• What you are asked to do: Once the line with "text \<open>Unrolling \<open>v\<^sub>k\<^sub>+\<^sub>1" is found in the data, output it and each following line exactly, up to and including the line with "fixes \<beta> :: real", and nothing before or after.

• Information shown:
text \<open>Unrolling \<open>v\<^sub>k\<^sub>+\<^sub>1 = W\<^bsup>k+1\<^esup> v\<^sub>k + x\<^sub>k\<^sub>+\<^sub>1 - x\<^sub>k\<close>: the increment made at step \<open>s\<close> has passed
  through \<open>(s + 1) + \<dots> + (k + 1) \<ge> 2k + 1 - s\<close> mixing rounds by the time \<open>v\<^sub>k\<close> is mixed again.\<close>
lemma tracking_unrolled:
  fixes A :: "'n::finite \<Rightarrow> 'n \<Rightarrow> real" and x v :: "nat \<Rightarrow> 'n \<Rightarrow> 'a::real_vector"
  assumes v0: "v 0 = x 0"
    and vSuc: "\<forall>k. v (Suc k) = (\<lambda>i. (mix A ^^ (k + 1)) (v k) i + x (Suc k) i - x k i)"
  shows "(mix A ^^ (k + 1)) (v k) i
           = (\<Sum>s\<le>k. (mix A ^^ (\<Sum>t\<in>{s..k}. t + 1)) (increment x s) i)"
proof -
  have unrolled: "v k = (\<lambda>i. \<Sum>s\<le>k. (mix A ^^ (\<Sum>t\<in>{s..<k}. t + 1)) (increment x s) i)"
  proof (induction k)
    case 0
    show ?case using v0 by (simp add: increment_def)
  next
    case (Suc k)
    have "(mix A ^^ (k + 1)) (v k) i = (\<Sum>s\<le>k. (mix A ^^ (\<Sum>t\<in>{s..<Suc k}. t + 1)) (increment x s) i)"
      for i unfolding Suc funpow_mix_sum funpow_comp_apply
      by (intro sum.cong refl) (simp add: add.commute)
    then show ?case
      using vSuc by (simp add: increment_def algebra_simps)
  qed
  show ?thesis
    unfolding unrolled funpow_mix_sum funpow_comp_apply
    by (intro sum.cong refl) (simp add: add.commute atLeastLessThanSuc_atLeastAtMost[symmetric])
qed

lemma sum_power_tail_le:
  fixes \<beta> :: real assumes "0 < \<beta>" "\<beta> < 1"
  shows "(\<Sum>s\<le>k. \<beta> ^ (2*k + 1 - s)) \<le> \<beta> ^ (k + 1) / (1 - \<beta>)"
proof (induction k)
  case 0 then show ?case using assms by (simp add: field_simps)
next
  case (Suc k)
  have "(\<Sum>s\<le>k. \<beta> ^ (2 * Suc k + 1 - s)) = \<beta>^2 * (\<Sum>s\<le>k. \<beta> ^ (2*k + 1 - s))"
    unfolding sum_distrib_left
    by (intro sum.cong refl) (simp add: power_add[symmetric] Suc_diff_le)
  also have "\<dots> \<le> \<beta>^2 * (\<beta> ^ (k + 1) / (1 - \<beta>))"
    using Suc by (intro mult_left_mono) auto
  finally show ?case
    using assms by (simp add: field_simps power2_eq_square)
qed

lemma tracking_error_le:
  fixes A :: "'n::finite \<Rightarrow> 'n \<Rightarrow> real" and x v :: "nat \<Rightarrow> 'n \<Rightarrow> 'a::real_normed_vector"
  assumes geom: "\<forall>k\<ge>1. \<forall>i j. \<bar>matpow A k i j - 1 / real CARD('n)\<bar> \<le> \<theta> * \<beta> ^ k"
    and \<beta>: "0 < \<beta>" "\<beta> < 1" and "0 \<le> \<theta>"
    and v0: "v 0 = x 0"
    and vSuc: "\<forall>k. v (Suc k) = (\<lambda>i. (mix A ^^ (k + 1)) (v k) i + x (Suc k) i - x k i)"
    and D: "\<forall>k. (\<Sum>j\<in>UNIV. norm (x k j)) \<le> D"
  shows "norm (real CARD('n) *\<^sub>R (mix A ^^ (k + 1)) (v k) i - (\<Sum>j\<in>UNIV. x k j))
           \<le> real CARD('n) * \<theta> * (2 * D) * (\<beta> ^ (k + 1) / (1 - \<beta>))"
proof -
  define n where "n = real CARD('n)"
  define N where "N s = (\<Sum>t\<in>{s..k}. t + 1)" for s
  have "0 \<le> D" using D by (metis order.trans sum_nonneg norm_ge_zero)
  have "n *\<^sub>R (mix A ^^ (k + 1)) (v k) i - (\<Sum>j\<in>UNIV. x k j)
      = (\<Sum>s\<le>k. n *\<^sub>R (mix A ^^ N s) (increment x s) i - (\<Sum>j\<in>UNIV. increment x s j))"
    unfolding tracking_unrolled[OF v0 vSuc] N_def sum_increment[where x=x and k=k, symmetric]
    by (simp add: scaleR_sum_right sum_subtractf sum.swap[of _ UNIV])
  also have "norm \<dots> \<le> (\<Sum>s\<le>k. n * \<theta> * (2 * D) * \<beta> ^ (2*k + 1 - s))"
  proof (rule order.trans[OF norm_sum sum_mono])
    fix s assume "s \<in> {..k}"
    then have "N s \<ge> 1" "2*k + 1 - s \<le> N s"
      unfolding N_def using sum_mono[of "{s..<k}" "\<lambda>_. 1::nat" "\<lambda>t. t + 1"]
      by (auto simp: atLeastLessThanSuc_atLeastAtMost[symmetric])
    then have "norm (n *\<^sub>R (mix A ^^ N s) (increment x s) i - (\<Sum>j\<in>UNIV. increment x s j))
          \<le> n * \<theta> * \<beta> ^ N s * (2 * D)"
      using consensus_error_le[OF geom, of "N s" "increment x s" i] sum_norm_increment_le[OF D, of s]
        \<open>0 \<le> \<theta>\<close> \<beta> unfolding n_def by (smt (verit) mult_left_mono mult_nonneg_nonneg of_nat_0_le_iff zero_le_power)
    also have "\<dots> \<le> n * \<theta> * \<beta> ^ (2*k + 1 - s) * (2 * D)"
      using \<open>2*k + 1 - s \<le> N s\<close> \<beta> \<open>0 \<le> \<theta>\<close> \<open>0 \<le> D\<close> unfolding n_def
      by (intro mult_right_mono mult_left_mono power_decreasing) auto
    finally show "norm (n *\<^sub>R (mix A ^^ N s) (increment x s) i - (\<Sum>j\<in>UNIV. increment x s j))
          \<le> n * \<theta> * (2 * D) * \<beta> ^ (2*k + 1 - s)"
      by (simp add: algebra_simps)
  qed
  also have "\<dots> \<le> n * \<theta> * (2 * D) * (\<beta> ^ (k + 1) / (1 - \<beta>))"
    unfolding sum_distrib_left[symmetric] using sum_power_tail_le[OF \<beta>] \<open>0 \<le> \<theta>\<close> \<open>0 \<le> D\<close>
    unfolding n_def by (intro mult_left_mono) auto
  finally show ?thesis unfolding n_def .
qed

==

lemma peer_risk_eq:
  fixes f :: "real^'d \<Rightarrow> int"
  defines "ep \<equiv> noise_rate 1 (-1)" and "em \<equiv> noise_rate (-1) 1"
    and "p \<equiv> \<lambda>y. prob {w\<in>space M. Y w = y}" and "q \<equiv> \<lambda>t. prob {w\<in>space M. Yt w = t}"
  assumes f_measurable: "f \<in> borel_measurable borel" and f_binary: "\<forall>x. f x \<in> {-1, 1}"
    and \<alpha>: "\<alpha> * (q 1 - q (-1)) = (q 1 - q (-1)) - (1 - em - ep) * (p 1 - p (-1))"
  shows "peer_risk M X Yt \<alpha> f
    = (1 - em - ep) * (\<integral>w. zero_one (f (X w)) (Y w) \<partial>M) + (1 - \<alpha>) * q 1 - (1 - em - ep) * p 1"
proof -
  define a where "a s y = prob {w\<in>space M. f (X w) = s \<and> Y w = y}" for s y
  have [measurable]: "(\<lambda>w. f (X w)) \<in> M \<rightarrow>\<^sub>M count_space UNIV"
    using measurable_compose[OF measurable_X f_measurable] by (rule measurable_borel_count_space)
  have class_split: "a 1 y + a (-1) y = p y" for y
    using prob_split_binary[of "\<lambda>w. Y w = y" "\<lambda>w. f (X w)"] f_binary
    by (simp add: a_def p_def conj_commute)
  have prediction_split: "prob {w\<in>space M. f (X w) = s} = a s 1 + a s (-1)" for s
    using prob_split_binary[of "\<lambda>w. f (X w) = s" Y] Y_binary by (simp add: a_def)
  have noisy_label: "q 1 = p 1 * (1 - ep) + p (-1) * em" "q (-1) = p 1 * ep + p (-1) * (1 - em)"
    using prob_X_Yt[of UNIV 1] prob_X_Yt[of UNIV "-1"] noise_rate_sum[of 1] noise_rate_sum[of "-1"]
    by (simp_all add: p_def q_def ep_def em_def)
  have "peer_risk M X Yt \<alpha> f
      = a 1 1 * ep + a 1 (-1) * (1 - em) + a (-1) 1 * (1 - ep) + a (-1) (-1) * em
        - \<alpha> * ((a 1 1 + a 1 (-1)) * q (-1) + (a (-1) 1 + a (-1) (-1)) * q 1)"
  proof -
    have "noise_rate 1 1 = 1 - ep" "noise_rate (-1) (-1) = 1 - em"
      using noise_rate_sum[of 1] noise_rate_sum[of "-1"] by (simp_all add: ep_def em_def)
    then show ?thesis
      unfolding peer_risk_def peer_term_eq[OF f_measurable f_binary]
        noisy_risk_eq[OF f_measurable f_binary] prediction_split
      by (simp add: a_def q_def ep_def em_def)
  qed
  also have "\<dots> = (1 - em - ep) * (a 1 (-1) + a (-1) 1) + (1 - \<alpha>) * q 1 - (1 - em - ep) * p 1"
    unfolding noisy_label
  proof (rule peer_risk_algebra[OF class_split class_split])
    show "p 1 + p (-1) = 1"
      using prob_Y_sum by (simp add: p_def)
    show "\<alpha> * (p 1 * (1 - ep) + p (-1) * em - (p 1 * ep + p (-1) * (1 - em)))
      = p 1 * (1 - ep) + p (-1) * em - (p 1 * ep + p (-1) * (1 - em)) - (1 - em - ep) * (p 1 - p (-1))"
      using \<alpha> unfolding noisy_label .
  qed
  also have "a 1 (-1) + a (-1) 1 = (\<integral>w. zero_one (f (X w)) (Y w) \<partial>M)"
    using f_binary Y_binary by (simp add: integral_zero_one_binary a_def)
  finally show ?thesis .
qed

* * *

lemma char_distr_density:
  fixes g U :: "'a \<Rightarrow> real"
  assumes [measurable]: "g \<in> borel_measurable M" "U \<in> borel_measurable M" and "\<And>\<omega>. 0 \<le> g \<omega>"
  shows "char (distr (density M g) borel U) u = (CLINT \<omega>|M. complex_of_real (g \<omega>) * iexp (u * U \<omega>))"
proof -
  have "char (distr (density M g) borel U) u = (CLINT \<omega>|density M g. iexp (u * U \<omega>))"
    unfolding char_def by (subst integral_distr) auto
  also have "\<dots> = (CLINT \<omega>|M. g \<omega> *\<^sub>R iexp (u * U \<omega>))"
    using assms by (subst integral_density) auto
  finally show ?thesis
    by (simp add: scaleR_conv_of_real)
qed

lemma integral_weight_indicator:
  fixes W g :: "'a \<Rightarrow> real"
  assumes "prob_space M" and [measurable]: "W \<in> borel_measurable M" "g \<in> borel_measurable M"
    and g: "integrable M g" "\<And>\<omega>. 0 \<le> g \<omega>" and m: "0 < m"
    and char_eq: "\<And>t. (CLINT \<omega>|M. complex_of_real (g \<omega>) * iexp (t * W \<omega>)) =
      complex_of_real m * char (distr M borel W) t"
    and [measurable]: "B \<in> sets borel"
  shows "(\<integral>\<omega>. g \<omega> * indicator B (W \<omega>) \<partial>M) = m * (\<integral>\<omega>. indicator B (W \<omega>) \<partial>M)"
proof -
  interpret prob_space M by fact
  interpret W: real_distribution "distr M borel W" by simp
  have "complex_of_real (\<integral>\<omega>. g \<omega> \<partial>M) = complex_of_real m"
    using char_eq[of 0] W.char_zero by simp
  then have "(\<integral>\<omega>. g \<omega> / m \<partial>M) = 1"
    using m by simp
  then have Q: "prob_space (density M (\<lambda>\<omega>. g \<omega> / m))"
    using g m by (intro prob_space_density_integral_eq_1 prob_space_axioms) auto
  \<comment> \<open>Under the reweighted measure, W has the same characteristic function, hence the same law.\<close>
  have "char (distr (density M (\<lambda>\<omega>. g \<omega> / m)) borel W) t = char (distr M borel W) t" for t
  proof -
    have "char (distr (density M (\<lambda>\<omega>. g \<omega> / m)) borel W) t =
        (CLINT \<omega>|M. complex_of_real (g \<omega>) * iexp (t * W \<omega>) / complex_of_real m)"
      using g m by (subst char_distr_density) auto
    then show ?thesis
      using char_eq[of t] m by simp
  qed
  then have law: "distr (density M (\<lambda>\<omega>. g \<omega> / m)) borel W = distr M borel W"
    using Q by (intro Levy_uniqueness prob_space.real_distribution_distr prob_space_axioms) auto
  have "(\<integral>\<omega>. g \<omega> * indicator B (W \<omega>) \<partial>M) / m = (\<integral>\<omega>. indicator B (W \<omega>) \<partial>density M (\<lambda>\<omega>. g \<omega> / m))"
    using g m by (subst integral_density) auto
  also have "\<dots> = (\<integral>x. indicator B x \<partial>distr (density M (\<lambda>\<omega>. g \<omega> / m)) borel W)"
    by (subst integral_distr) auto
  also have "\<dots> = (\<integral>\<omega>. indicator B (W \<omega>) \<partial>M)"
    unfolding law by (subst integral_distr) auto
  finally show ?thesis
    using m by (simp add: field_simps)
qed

• Exercise response:
text \<open>Unrolling \<open>v\<^sub>k\<^sub>+\<^sub>1 = W\<^bsup>k+1\<^esup> v\<^sub>k + x\<^sub>k\<^sub>+\<^sub>1 - x\<^sub>k\<close>: the increment made at step \<open>s\<close> has passed
  through \<open>(s + 1) + \<dots> + (k + 1) \<ge> 2k + 1 - s\<close> mixing rounds by the time \<open>v\<^sub>k\<close> is mixed again.\<close>
lemma tracking_unrolled:
  fixes A :: "'n::finite \<Rightarrow> 'n \<Rightarrow> real" and x v :: "nat \<Rightarrow> 'n \<Rightarrow> 'a::real_vector"
  assumes v0: "v 0 = x 0"
    and vSuc: "\<forall>k. v (Suc k) = (\<lambda>i. (mix A ^^ (k + 1)) (v k) i + x (Suc k) i - x k i)"
  shows "(mix A ^^ (k + 1)) (v k) i
           = (\<Sum>s\<le>k. (mix A ^^ (\<Sum>t\<in>{s..k}. t + 1)) (increment x s) i)"
proof -
  have unrolled: "v k = (\<lambda>i. \<Sum>s\<le>k. (mix A ^^ (\<Sum>t\<in>{s..<k}. t + 1)) (increment x s) i)"
  proof (induction k)
    case 0
    show ?case using v0 by (simp add: increment_def)
  next
    case (Suc k)
    have "(mix A ^^ (k + 1)) (v k) i = (\<Sum>s\<le>k. (mix A ^^ (\<Sum>t\<in>{s..<Suc k}. t + 1)) (increment x s) i)"
      for i unfolding Suc funpow_mix_sum funpow_comp_apply
      by (intro sum.cong refl) (simp add: add.commute)
    then show ?case
      using vSuc by (simp add: increment_def algebra_simps)
  qed
  show ?thesis
    unfolding unrolled funpow_mix_sum funpow_comp_apply
    by (intro sum.cong refl) (simp add: add.commute atLeastLessThanSuc_atLeastAtMost[symmetric])
qed

lemma sum_power_tail_le:
  fixes \<beta> :: real assumes "0 < \<beta>" "\<beta> < 1"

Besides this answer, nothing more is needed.